§ **What is needed**: Return each line in the records below that includes "also".

Stored data entries
==================================================

lemma dcomp_homogeneous:
  assumes "clinear_map D" "\<And>q. D ` S q \<subseteq> S (q + k)"
  shows "dcomp S k D = D"
proof
  fix x
  have "D (zproj S p x) \<in> S (p + k)" for p
    using assms(2) zproj_in by blast
  then have "zproj S (p + k) (D (zproj S p x)) = D (zproj S p x)" for p
    by (rule zproj_same)
  then have "dcomp S k D x = (\<Sum>p\<in>degrees. D (zproj S p x))"
    unfolding dcomp_def degrees_def[symmetric] by simp
  also have "\<dots> = D x"
    using clinear_map_sum[OF assms(1), of "\<lambda>p. zproj S p x" degrees] by (simp add: zproj_sum_degrees)
  finally show "dcomp S k D x = D x" .
qed

lemma dcomp_ad: "dcomp S k (br x) = br (zproj S k x)"
proof
  fix y
  have "dcomp S k (br x) y = (\<Sum>p\<in>degrees. br (zproj S k x) (zproj S p y))"
    unfolding dcomp_def degrees_def[symmetric]
  proof (intro sum.cong refl)
    fix p
    have "zproj S (p + k) (br x (zproj S p y)) = br (zproj S (p + k - p) x) (zproj S p y)"
      by (rule zproj_shift[OF clinear_map_br_left]) (use br_in_S zproj_in in blast)
    then show "zproj S (p + k) (br x (zproj S p y)) = br (zproj S k x) (zproj S p y)"
      by simp
  qed
  also have "\<dots> = br (zproj S k x) y"
    using br_sum_right[of "zproj S k x" "\<lambda>p. zproj S p y" degrees] by (simp add: zproj_sum_degrees)
  finally show "dcomp S k (br x) y = br (zproj S k x) y" .
qed

lemma dcomp_diff: "dcomp S k (\<lambda>y. D y - E y) = (\<lambda>y. dcomp S k D y - dcomp S k E y)"
  by (simp add: dcomp_def zproj_diff sum_subtractf)

lemma dpar_vanish_on_S: "\<forall>z\<in>S q. D z = 0 \<Longrightarrow> z \<in> S q \<Longrightarrow> dpar V a D z = 0"
  by (simp add: dpar_vanish S_par_proj)

end

text \<open>For a grading of depth one, the closure of \<open>X\<close> under the brackets with
  \<open>s\<^sup>p\<close>, \<open>p \<ge> 0\<close>, is already the graded ideal generated by \<open>X\<close> once the brackets of
  \<open>s\<^sup>-\<^sup>1\<close> with \<open>X\<close> lie in it, and its degree \<open>-1\<close> part is reached from
  \<open>X\<close> through \<open>s\<^sup>0\<close> only.\<close>

inductive_set nonneg_ad_closure ::
  "('a::cvec \<Rightarrow> 'a \<Rightarrow> 'a) \<Rightarrow> (int \<Rightarrow> 'a set) \<Rightarrow> 'a set \<Rightarrow> 'a set"
  for br S X
where
  base: "x \<in> X \<Longrightarrow> x \<in> nonneg_ad_closure br S X"
| zero: "0 \<in> nonneg_ad_closure br S X"
| add: "a \<in> nonneg_ad_closure br S X \<Longrightarrow> b \<in> nonneg_ad_closure br S X \<Longrightarrow>
    a + b \<in> nonneg_ad_closure br S X"
| scale: "a \<in> nonneg_ad_closure br S X \<Longrightarrow> c *\<^sub>C a \<in> nonneg_ad_closure br S X"
| bracket: "a \<in> nonneg_ad_closure br S X \<Longrightarrow> u \<in> S q \<Longrightarrow> 0 \<le> q \<Longrightarrow>
    br u a \<in> nonneg_ad_closure br S X"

==================================================

§ **Answer to this task**:
  also have "\<dots> = D x"
  also have "\<dots> = br (zproj S k x) y"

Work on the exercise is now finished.